» ASSIGNMENT: Scan the material for the word "comment", and copy each line where it shows up.

» THE DATA:
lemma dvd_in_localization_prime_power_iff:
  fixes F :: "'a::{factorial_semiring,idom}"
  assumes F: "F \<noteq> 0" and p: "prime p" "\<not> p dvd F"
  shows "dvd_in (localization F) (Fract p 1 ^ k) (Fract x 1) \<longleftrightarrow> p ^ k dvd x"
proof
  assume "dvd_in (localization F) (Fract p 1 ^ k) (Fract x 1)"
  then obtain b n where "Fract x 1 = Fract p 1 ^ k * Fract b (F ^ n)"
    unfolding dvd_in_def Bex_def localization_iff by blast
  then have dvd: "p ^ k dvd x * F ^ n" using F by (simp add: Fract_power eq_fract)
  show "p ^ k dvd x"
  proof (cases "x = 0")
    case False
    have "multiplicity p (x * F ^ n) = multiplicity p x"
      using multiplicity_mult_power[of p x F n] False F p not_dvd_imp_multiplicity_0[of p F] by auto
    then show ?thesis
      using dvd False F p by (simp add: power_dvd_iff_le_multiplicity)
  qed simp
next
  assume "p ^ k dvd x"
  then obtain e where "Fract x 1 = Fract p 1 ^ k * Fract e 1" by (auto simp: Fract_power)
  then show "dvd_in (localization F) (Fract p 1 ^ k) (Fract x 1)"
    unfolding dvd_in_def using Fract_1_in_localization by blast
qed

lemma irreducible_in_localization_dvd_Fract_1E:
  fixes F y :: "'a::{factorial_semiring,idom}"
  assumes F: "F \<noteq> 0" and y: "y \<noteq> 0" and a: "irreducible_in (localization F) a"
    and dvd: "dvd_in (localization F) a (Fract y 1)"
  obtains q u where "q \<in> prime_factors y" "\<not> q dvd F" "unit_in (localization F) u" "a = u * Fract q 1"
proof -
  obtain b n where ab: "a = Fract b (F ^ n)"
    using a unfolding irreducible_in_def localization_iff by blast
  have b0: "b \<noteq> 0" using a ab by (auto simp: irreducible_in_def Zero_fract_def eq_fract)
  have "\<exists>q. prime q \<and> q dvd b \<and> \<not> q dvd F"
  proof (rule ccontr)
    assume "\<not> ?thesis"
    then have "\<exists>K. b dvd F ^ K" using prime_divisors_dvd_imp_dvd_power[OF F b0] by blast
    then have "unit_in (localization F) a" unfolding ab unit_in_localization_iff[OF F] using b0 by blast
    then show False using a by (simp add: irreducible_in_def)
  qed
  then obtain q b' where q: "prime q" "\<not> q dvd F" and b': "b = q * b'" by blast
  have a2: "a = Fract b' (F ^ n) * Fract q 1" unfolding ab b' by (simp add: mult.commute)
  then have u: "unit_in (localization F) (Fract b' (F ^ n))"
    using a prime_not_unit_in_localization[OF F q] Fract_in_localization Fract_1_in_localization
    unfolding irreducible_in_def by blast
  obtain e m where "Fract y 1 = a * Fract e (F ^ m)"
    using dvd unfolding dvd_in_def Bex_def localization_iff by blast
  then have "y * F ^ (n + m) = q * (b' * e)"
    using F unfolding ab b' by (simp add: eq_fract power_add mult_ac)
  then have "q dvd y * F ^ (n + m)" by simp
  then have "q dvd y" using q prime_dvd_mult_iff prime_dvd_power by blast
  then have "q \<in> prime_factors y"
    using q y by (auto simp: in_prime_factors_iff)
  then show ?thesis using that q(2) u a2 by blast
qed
* * *
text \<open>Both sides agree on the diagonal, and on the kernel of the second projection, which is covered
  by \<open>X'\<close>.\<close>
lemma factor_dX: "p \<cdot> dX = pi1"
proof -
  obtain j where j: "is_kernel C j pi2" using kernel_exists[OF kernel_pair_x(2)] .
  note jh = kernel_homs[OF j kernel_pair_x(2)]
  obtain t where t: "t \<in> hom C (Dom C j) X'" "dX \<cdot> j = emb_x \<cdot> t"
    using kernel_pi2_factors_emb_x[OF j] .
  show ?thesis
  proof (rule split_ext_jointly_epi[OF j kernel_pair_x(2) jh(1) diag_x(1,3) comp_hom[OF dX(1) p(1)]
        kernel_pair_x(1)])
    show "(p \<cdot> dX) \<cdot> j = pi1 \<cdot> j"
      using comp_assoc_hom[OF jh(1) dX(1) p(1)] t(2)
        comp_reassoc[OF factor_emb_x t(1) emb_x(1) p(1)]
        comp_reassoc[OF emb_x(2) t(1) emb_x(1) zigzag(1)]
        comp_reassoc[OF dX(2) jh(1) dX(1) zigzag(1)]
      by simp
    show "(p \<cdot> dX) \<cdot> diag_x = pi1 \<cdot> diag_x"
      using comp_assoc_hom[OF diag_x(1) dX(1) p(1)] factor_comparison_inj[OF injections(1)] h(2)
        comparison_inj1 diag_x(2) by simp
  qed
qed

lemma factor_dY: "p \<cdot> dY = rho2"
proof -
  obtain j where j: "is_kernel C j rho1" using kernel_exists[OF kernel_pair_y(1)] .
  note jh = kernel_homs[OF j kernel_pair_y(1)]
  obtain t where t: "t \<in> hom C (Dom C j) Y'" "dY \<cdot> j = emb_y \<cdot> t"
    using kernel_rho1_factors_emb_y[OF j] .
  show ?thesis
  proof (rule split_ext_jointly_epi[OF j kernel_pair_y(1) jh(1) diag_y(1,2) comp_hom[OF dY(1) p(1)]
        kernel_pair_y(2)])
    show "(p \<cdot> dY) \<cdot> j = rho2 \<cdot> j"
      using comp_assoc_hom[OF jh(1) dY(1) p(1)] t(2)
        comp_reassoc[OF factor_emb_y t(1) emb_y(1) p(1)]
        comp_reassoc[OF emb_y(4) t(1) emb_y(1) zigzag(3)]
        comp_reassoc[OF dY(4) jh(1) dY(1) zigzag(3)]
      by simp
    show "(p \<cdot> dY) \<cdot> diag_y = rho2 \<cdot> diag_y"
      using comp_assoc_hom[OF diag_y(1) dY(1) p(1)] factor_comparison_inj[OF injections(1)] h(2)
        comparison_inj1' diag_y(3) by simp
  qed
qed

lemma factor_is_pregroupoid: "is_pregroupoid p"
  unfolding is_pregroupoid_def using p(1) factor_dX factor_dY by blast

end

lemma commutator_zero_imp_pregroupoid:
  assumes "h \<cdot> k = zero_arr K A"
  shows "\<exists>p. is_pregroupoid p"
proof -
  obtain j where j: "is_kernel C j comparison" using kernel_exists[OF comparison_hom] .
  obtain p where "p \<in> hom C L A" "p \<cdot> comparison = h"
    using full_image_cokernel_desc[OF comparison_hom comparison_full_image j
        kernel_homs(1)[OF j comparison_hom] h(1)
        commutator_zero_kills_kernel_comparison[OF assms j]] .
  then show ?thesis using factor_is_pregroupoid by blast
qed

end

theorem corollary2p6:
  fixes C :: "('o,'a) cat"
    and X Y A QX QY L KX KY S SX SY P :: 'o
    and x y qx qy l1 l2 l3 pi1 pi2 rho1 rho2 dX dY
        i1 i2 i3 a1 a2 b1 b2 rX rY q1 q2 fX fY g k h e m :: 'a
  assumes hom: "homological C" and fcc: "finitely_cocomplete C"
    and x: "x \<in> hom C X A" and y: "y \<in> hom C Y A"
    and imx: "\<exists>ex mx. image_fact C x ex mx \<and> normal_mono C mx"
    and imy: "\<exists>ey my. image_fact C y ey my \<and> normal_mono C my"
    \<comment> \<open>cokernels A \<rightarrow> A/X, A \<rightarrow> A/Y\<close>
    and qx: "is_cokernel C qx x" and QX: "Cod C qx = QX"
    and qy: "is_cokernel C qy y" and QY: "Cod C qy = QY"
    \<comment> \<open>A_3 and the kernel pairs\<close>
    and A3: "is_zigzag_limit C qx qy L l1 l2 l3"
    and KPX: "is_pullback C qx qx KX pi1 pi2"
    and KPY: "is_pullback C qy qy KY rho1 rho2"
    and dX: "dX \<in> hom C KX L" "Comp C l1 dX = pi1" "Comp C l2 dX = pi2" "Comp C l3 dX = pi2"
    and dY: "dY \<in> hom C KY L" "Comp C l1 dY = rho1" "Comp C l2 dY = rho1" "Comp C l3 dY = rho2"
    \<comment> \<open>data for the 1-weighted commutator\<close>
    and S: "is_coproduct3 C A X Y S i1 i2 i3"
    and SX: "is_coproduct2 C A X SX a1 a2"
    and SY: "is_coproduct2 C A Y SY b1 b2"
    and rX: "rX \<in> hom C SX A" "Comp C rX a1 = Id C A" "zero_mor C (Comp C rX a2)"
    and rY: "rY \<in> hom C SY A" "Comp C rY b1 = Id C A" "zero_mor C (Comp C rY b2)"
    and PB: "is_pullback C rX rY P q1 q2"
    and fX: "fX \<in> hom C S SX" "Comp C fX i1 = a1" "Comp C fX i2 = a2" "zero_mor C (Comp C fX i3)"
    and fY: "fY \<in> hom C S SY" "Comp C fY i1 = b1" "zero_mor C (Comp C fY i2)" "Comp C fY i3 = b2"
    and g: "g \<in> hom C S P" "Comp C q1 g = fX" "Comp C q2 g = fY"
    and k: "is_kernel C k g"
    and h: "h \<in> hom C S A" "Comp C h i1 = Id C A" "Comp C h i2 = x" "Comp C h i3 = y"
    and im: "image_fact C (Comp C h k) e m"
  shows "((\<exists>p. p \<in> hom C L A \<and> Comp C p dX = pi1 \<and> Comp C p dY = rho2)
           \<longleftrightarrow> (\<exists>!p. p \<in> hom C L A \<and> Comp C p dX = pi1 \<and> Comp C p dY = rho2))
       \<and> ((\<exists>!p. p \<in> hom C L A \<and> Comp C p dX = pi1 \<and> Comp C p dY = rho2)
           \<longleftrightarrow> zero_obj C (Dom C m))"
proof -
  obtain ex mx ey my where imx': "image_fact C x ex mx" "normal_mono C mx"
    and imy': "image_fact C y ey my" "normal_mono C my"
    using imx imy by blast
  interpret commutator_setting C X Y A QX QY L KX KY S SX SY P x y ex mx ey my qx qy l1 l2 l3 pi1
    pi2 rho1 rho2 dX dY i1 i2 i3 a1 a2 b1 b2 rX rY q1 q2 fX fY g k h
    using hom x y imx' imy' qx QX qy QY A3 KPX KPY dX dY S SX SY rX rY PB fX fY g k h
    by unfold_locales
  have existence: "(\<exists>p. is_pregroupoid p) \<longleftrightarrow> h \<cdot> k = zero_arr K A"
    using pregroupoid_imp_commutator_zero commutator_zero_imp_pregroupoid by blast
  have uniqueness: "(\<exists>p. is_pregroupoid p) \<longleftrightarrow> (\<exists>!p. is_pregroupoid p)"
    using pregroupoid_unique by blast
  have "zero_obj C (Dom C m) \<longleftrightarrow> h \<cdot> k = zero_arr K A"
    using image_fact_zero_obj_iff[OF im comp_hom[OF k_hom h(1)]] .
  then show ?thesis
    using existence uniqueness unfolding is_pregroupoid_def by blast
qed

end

» ANSWER SECTION:
    \<comment> \<open>cokernels A \<rightarrow> A/X, A \<rightarrow> A/Y\<close>
    \<comment> \<open>A_3 and the kernel pairs\<close>
    \<comment> \<open>data for the 1-weighted commutator\<close>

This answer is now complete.